Capstone: diagnose() as an advisor

Choosing by hand requires knowing the truth, which in practice you do not. diagnose() reads the data and recommends method specifications from what it measures. We run it on four series with very different structure.

[9]:
rng = np.random.default_rng(7)
series_ar1 = ar1(600, PHI, rng)
series_rw = np.cumsum(rng.standard_normal(600))  # random walk (unit root)
series_iid = rng.standard_normal(600)  # near-i.i.d.
series_var = np.column_stack([ar1(600, 0.6, rng), ar1(600, 0.6, rng)])  # bivariate

examples = {
    "AR(1) stationary": series_ar1,
    "random walk": series_rw,
    "near-i.i.d.": series_iid,
    "bivariate (VAR-like)": series_var,
}
for name, s in examples.items():
    d = diagnose(s)
    print(f"{name:22s} -> {d.recommended_methods}")
AR(1) stationary       -> ('StationaryBlock', 'MovingBlock', 'SieveAR')
random walk            -> ('ResidualBootstrap(model=ARIMA(...))', 'SieveAR')
near-i.i.d.            -> ('IID', 'MovingBlock')
bivariate (VAR-like)   -> ('ResidualBootstrap(model=VAR(...))', 'StationaryBlock', 'MovingBlock', 'SieveAR')

Read these carefully. diagnose() inspects two things: serial dependence (lag-1 autocorrelation) and stationarity (an augmented Dickey-Fuller test).

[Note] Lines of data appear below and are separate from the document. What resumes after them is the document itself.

lemma sum_probe_op:
  assumes "a < d" "b < d"
  shows "(\<Sum>t<d*d*4. probe_op d t $$ (a,b)) = (if a = b then 1 else 0)"
proof -
  let ?\<delta> = "\<lambda>x y. if x = y then 1 else (0::complex)"
  have "(\<Sum>t<d*d*4. probe_op d t $$ (a,b)) = (\<Sum>i<d. \<Sum>j<d. \<Sum>c<4.
      (?\<delta> a i + ?\<delta> a j * \<i> ^ c) * (?\<delta> b i + ?\<delta> b j * cnj (\<i> ^ c)) / of_nat (8 * d))"
    unfolding sum_probe_index using assms
    by (intro sum.cong refl) (simp add: index_probe_op probe_vec_probe_index)
  also have "\<dots> = (\<Sum>i<d. \<Sum>j<d. 4 * (?\<delta> a i * ?\<delta> b i + ?\<delta> a j * ?\<delta> b j) / of_nat (8 * d))"
    by (simp only: sum_i_powers_mult flip: sum_divide_distrib)
  also have "\<dots> = (if a = b then 1 else 0)"
  proof -
    have "?\<delta> a i * ?\<delta> b i = (if a = b then ?\<delta> a i else 0)" for i
      by auto
    then show ?thesis
      using assms by (simp add: sum.distrib sum.delta' flip: sum_divide_distrib sum_distrib_left)
  qed
  finally show ?thesis .
qed

lemma trace_mult_probe_op:
  assumes Y: "Y \<in> carrier_mat d d"
  shows "Defs.trace (Y * probe_op d t) = ((Y *\<^sub>v probe_vec d t) \<bullet>c probe_vec d t) / of_nat (8 * d)"
proof -
  have "Defs.trace (Y * probe_op d t) = (\<Sum>a<d. \<Sum>b<d. Y $$ (a,b) * probe_vec d t $ b * cnj (probe_vec d t $ a) / of_nat (8 * d))"
    using Y by (auto simp: trace_mult_eq_sum[of _ d d] index_probe_op intro!: sum.cong)
  also have "\<dots> = ((Y *\<^sub>v probe_vec d t) \<bullet>c probe_vec d t) / of_nat (8 * d)"
    using Y by (simp add: scalar_prod_def atLeast0LessThan sum_divide_distrib sum_distrib_right index_mult_mat_vec_sum)
  finally show ?thesis .
qed

lemma cscalar_prod_probe_op:
  assumes v: "v \<in> carrier_vec d"
  shows "(probe_op d t *\<^sub>v v) \<bullet>c v = (v \<bullet>c probe_vec d t) * cnj (v \<bullet>c probe_vec d t) / of_nat (8 * d)"
proof -
  let ?w = "probe_vec d t"
  have "(probe_op d t *\<^sub>v v) \<bullet>c v = (\<Sum>a<d. \<Sum>b<d. (v $ b * cnj (?w $ b)) * cnj (v $ a * cnj (?w $ a)) / of_nat (8 * d))"
    using v by (auto simp: scalar_prod_def atLeast0LessThan index_probe_op sum_distrib_left sum_divide_distrib mult_ac intro!: sum.cong)
  also have "\<dots> = (v \<bullet>c ?w) * cnj (v \<bullet>c ?w) / of_nat (8 * d)"
    using v by (simp add: scalar_prod_def atLeast0LessThan cnj_sum sum_product sum_divide_distrib)
      (rule sum.swap)
  finally show ?thesis .
qed

lemma psd_probe_op: "psd_mat d (probe_op d t)"
proof -
  have "mat_adjoint (probe_op d t) = probe_op d t"
    by (rule eq_matI) (auto simp: index_probe_op)
  moreover have "0 \<le> Re ((probe_op d t *\<^sub>v v) \<bullet>c v)" if "v \<in> carrier_vec d" for v
    unfolding cscalar_prod_probe_op[OF that] by (simp flip: complex_norm_square)
  ultimately show ?thesis
    by (simp add: psd_mat_def hermitian_mat_def)
qed

lemma trace_mult_probe_op_nonneg:
  assumes "psd_mat d S"
  shows "0 \<le> Re (Defs.trace (S * probe_op d t))"
  using assms by (simp add: psd_mat_def hermitian_mat_def trace_mult_probe_op Re_divide_of_nat)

It recommends specs from those signals: block methods and the sieve for stationary dependence, an integrated model or the sieve for a unit root, IID when dependence is weak, and a VAR for multivariate input. It does not detect volatility clustering, regime shifts, or seasonality, and it is deliberately extensible rather than exhaustive. Treat it as a fast, transparent starting point, not an oracle.

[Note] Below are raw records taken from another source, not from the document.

(* Let $G$ be a graph with $n$ nodes and graph Laplacian $\mathbf{L}$, and let $\mathbf{P},\mathbf{Q}\in\mathbb{R}^{n\times d}$. Then the matrix $[\mathbf{P}\ \mathbf{Q}]\in\mathbb{R}^{n\times 2d}$ (column-wise concatenation) is node- and adjacency-identifying if $\mathbf{L}=\mathbf{P}\mathbf{Q}^T$.
   Context: Graphs are finite, undirected, without self-loops and without isolated nodes; $\mathbf{L}=\mathbf{D}-\mathbf{A}(G)$ with $\mathbf{D}$ the degree matrix and $\mathbf{A}(G)$ the adjacency matrix; $d_k>0$ is a fixed constant. A matrix $\mathbf{R}\in\mathbb{R}^{n\times e}$ is node-identifying if there exist $\mathbf{W}^Q,\mathbf{W}^K$ (with $e$ rows) such that $\tilde{\mathbf{R}}=\frac{1}{\sqrt{d_k}}\mathbf{R}\mathbf{W}^Q(\mathbf{R}\mathbf{W}^K)^T$ satisfies $\tilde{\mathbf{R}}_{ij}=\max_k\tilde{\mathbf{R}}_{ik}\iff i=j$; adjacency-identifying if for some (possibly different) such matrices $\tilde{\mathbf{R}}_{ij}=\max_k\tilde{\mathbf{R}}_{ik}\iff\mathbf{A}(G)_{ij}=1$. *)

theory Defs
  imports "Jordan_Normal_Form.Matrix"
begin

definition graph_no_isolated :: "nat \<Rightarrow> (nat \<Rightarrow> nat \<Rightarrow> bool) \<Rightarrow> bool" where
  "graph_no_isolated n E \<longleftrightarrow>
     (\<forall>i<n. \<forall>j<n. E i j \<longrightarrow> E j i) \<and>
     (\<forall>i<n. \<not> E i i) \<and>
     (\<forall>i<n. \<exists>j<n. E i j)"

definition adjacency_mat :: "nat \<Rightarrow> (nat \<Rightarrow> nat \<Rightarrow> bool) \<Rightarrow> real mat" where
  "adjacency_mat n E = mat n n (\<lambda>(i,j). if E i j then 1 else 0)"

definition degree_mat :: "nat \<Rightarrow> (nat \<Rightarrow> nat \<Rightarrow> bool) \<Rightarrow> real mat" where
  "degree_mat n E = mat n n (\<lambda>(i,j). if i = j then real (card {k. k < n \<and> E i k}) else 0)"

definition laplacian_mat :: "nat \<Rightarrow> (nat \<Rightarrow> nat \<Rightarrow> bool) \<Rightarrow> real mat" where
  "laplacian_mat n E = degree_mat n E - adjacency_mat n E"

definition concat_cols :: "real mat \<Rightarrow> real mat \<Rightarrow> real mat" where
  "concat_cols P Q = mat (dim_row P) (dim_col P + dim_col Q)
     (\<lambda>(i,j). if j < dim_col P then P $$ (i,j) else Q $$ (i, j - dim_col P))"

definition attn_scores :: "real \<Rightarrow> real mat \<Rightarrow> real mat \<Rightarrow> real mat \<Rightarrow> real mat" where
  "attn_scores dk R WQ WK = (1 / sqrt dk) \<cdot>\<^sub>m (R * WQ * transpose_mat (R * WK))"

definition row_max :: "real mat \<Rightarrow> nat \<Rightarrow> real" where
  "row_max M i = Max {M $$ (i,k) | k. k < dim_col M}"

definition node_identifying :: "real \<Rightarrow> real mat \<Rightarrow> bool" where
  "node_identifying dk R \<longleftrightarrow>
     (\<exists>m WQ WK. WQ \<in> carrier_mat (dim_col R) m \<and> WK \<in> carrier_mat (dim_col R) m \<and>
        (let S = attn_scores dk R WQ WK in
          \<forall>i<dim_row R. \<forall>j<dim_row R. (S $$ (i,j) = row_max S i \<longleftrightarrow> i = j)))"

definition adjacency_identifying :: "real \<Rightarrow> real mat \<Rightarrow> real mat \<Rightarrow> bool" where
  "adjacency_identifying dk A R \<longleftrightarrow>
     (\<exists>m WQ WK. WQ \<in> carrier_mat (dim_col R) m \<and> WK \<in> carrier_mat (dim_col R) m \<and>
        (let S = attn_scores dk R WQ WK in
          \<forall>i<dim_row R. \<forall>j<dim_row R. (S $$ (i,j) = row_max S i \<longleftrightarrow> A $$ (i,j) = 1)))"

end

theory Submission
  imports Defs
begin

text \<open>With \<open>W\<^sup>Q = c [I; 0]\<close> and \<open>W\<^sup>K = [0; I]\<close> the matrix \<open>R = [P Q]\<close> gives
  \<open>R W\<^sup>Q = c P\<close> and \<open>R W\<^sup>K = Q\<close>, so the attention scores are a positive multiple of \<open>c L\<close>.
  For \<open>c = 1\<close> every row of \<open>L\<close> has its unique maximum, the degree \<open>\<ge> 1\<close>, on the diagonal,
  all other entries being \<open>0\<close> or \<open>-1\<close>. For \<open>c = -1\<close> the entries of a row of \<open>-L\<close> are
  \<open>1\<close> at the neighbours, \<open>0\<close> at the other non-neighbours and \<open>-deg \<le> -1\<close> on the diagonal;
  as there are no isolated nodes, the maximum \<open>1\<close> is attained exactly at the neighbours.\<close>

definition col_select_mat :: "nat \<Rightarrow> nat \<Rightarrow> (nat \<Rightarrow> nat) \<Rightarrow> real mat" where
  "col_select_mat k m \<sigma> = mat k m (\<lambda>(i, j). of_bool (i = \<sigma> j))"

lemma col_select_mat_carrier [simp]: "col_select_mat k m \<sigma> \<in> carrier_mat k m"
  by (simp add: col_select_mat_def)

lemma mult_col_select_mat:
  assumes A: "A \<in> carrier_mat n k" and \<sigma>: "\<forall>j<m. \<sigma> j < k"
  shows "A * col_select_mat k m \<sigma> = mat n m (\<lambda>(i, j). A $$ (i, \<sigma> j))"
  using A \<sigma> by (auto simp: col_select_mat_def scalar_prod_def intro!: eq_matI)

lemma concat_cols_carrier:
  assumes "P \<in> carrier_mat n d" and "Q \<in> carrier_mat n e"
  shows "concat_cols P Q \<in> carrier_mat n (d + e)"
  using assms by (simp add: concat_cols_def)

lemma concat_cols_mult_select_left:
  assumes P: "P \<in> carrier_mat n d" and Q: "Q \<in> carrier_mat n e"
  shows "concat_cols P Q * col_select_mat (d + e) d id = P"
  by (subst mult_col_select_mat[OF concat_cols_carrier[OF P Q]])
    (use P Q in \<open>auto simp: concat_cols_def\<close>)

lemma concat_cols_mult_select_right:
  assumes P: "P \<in> carrier_mat n d" and Q: "Q \<in> carrier_mat n e"
  shows "concat_cols P Q * col_select_mat (d + e) e ((+) d) = Q"
  by (subst mult_col_select_mat[OF concat_cols_carrier[OF P Q]])
    (use P Q in \<open>auto simp: concat_cols_def\<close>)

lemma attn_scores_concat_cols:
  assumes P: "P \<in> carrier_mat n d" and Q: "Q \<in> carrier_mat n d"
  shows "attn_scores dk (concat_cols P Q) (c \<cdot>\<^sub>m col_select_mat (d + d) d id)
           (col_select_mat (d + d) d ((+) d))
         = (1 / sqrt dk) \<cdot>\<^sub>m (c \<cdot>\<^sub>m (P * transpose_mat Q))"
proof -
  have R: "concat_cols P Q \<in> carrier_mat n (d + d)"
    using P Q by (rule concat_cols_carrier)
  have "concat_cols P Q * (c \<cdot>\<^sub>m col_select_mat (d + d) d id) = c \<cdot>\<^sub>m P"
    using mult_smult_distrib[OF R col_select_mat_carrier] concat_cols_mult_select_left[OF P Q]
    by simp
  then show ?thesis
    unfolding attn_scores_def concat_cols_mult_select_right[OF P Q]
    using mult_smult_assoc_mat[OF P transpose_carrier_mat[THEN iffD2, OF Q]] by simp
qed

lemma row_max_eq_iff:
  assumes "j < dim_col M"
  shows "M $$ (i, j) = row_max M i \<longleftrightarrow> (\<forall>k<dim_col M. M $$ (i, k) \<le> M $$ (i, j))"
proof -
  have "finite {M $$ (i, k) | k. k < dim_col M}"
    by simp
  then show ?thesis
    unfolding row_max_def using assms by (auto intro!: Max_eqI[symmetric] Max_ge)
qed

lemma row_max_smult_iff:
  fixes a :: real
  assumes "a > 0" and "i < dim_row M" and "j < dim_col M"
  shows "(a \<cdot>\<^sub>m M) $$ (i, j) = row_max (a \<cdot>\<^sub>m M) i \<longleftrightarrow> M $$ (i, j) = row_max M i"
proof -
  have "j < dim_col (a \<cdot>\<^sub>m M)"
    using assms by simp
  then show ?thesis
    unfolding row_max_eq_iff[OF \<open>j < dim_col M\<close>] row_max_eq_iff[OF \<open>j < dim_col (a \<cdot>\<^sub>m M)\<close>]
    using assms by simp
qed

lemma laplacian_mat_carrier: "laplacian_mat n E \<in> carrier_mat n n"
  unfolding laplacian_mat_def degree_mat_def adjacency_mat_def by (rule minus_carrier_mat) auto

lemma laplacian_mat_entry:
  assumes "i < n" and "j < n"
  shows "laplacian_mat n E $$ (i, j)
           = (if i = j then real (card {k. k < n \<and> E i k}) else 0) - (if E i j then 1 else 0)"
  using assms by (simp add: laplacian_mat_def degree_mat_def adjacency_mat_def)

lemma graph_no_isolated_degree_ge_one:
  assumes "graph_no_isolated n E" and "i < n"
  shows "card {k. k < n \<and> E i k} \<ge> 1"
proof -
  obtain j where "j < n" and "E i j"
    using assms unfolding graph_no_isolated_def by blast
  then have "{k. k < n \<and> E i k} \<noteq> {}"
    by blast
  then show ?thesis
    by (simp add: Suc_le_eq card_gt_0_iff)
qed

lemma laplacian_row_max_iff:
  assumes G: "graph_no_isolated n E" and i: "i < n" and j: "j < n"
  shows "laplacian_mat n E $$ (i, j) = row_max (laplacian_mat n E) i \<longleftrightarrow> i = j"
proof -
  let ?L = "laplacian_mat n E"
  have diag: "?L $$ (i, i) \<ge> 1"
    using G i graph_no_isolated_degree_ge_one unfolding graph_no_isolated_def
    by (auto simp: laplacian_mat_entry)
  have off_diag: "?L $$ (i, k) \<le> 0" if "k < n" and "k \<noteq> i" for k
    using i that by (simp add: laplacian_mat_entry)
  have "j < dim_col ?L"
    using j laplacian_mat_carrier[of n E] by simp
  then have "?L $$ (i, j) = row_max ?L i \<longleftrightarrow> (\<forall>k<n. ?L $$ (i, k) \<le> ?L $$ (i, j))"
    using laplacian_mat_carrier[of n E] by (simp add: row_max_eq_iff)
  also have "\<dots> \<longleftrightarrow> i = j"
  proof
    assume "\<forall>k<n. ?L $$ (i, k) \<le> ?L $$ (i, j)"
    then show "i = j"
      using i diag off_diag[OF j] by force
  qed (use diag off_diag in force)
  finally show ?thesis .
qed

lemma neg_laplacian_row_max_iff:
  assumes G: "graph_no_isolated n E" and i: "i < n" and j: "j < n"
  shows "((-1) \<cdot>\<^sub>m laplacian_mat n E) $$ (i, j) = row_max ((-1) \<cdot>\<^sub>m laplacian_mat n E) i
         \<longleftrightarrow> E i j"
proof -
  let ?N = "(-1) \<cdot>\<^sub>m laplacian_mat n E"
  have "\<not> E i i"
    using G i unfolding graph_no_isolated_def by blast
  have neighbour: "?N $$ (i, k) = 1" if "k < n" and "E i k" for k
  proof -
    have "k \<noteq> i"
      using that \<open>\<not> E i i\<close> by blast
    then show ?thesis
      using i that laplacian_mat_carrier[of n E] by (simp add: laplacian_mat_entry)
  qed
  have non_neighbour: "?N $$ (i, k) \<le> 0" if "k < n" and "\<not> E i k" for k
    using i that laplacian_mat_carrier[of n E] by (simp add: laplacian_mat_entry)
  obtain j' where j': "j' < n" "E i j'"
    using G i unfolding graph_no_isolated_def by blast
  have "j < dim_col ?N"
    using j laplacian_mat_carrier[of n E] by simp
  then have "?N $$ (i, j) = row_max ?N i \<longleftrightarrow> (\<forall>k<n. ?N $$ (i, k) \<le> ?N $$ (i, j))"
    using laplacian_mat_carrier[of n E] by (simp add: row_max_eq_iff)
  also have "\<dots> \<longleftrightarrow> E i j"
  proof
    assume "\<forall>k<n. ?N $$ (i, k) \<le> ?N $$ (i, j)"
    then have "1 \<le> ?N $$ (i, j)"
      using j' neighbour[OF j'] by metis
    then show "E i j"
      using non_neighbour[OF j] by fastforce
  next
    have "?N $$ (i, k) \<le> 1" if "k < n" for k
      using neighbour[OF that] non_neighbour[OF that] by (cases "E i k") auto
    moreover assume "E i j"
    ultimately show "\<forall>k<n. ?N $$ (i, k) \<le> ?N $$ (i, j)"
      using neighbour[OF j] by simp
  qed
  finally show ?thesis .
qed

theorem lemmaF8:
  fixes n d :: nat and E :: "nat \<Rightarrow> nat \<Rightarrow> bool" and P Q :: "real mat" and dk :: real
  assumes "dk > 0"
    and "graph_no_isolated n E"
    and "P \<in> carrier_mat n d" and "Q \<in> carrier_mat n d"
    and "laplacian_mat n E = P * transpose_mat Q"
  shows "node_identifying dk (concat_cols P Q) \<and>
         adjacency_identifying dk (adjacency_mat n E) (concat_cols P Q)"
proof -
  let ?R = "concat_cols P Q" and ?L = "laplacian_mat n E"
  let ?W\<^sub>Q = "\<lambda>c. c \<cdot>\<^sub>m col_select_mat (d + d) d id"
    and ?W\<^sub>K = "col_select_mat (d + d) d ((+) d)"
  have R: "?R \<in> carrier_mat n (d + d)"
    using assms(3,4) by (rule concat_cols_carrier)
  have scores: "attn_scores dk ?R (?W\<^sub>Q c) ?W\<^sub>K = (1 / sqrt dk) \<cdot>\<^sub>m (c \<cdot>\<^sub>m ?L)" for c
    using attn_scores_concat_cols[OF assms(3,4)] assms(5) by simp
  have scale: "1 / sqrt dk > 0"
    using assms(1) by simp
  have "attn_scores dk ?R (?W\<^sub>Q 1) ?W\<^sub>K $$ (i, j)
        = row_max (attn_scores dk ?R (?W\<^sub>Q 1) ?W\<^sub>K) i \<longleftrightarrow> i = j"
    if "i < n" and "j < n" for i j
    unfolding scores
    using row_max_smult_iff[OF scale, of i "1 \<cdot>\<^sub>m ?L" j] row_max_smult_iff[of 1 i ?L j]
      laplacian_row_max_iff[OF assms(2) that] that laplacian_mat_carrier[of n E]
    by simp
  then have "node_identifying dk ?R"
    unfolding node_identifying_def Let_def using R
    by (intro exI[of _ d] exI[of _ "?W\<^sub>Q 1"] exI[of _ ?W\<^sub>K]) auto
  moreover have "attn_scores dk ?R (?W\<^sub>Q (-1)) ?W\<^sub>K $$ (i, j)
        = row_max (attn_scores dk ?R (?W\<^sub>Q (-1)) ?W\<^sub>K) i \<longleftrightarrow> adjacency_mat n E $$ (i, j) = 1"
    if "i < n" and "j < n" for i j
    unfolding scores
    using row_max_smult_iff[OF scale, of i "(-1) \<cdot>\<^sub>m ?L" j]
      neg_laplacian_row_max_iff[OF assms(2) that] that laplacian_mat_carrier[of n E]
    by (simp add: adjacency_mat_def)
  then have "adjacency_identifying dk (adjacency_mat n E) ?R"
    unfolding adjacency_identifying_def Let_def using R
    by (intro exI[of _ d] exI[of _ "?W\<^sub>Q (-1)"] exI[of _ ?W\<^sub>K]) auto
  ultimately show ?thesis ..
qed

end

No peer bootstrap or uncertainty library (MAPIE, darts, arch) ships a from-the-data programmatic recommender; tsbootstrap provides diagnose() for this.

The thesis

There is no universally best bootstrap. IID is fine only without dependence. Block methods are robust but bias the dependence and need a length. Model-based methods are efficient when correct and fail when misspecified. The right choice depends on what you are willing to assume about the data-generating process, and diagnose() is there to help you make that assumption explicit.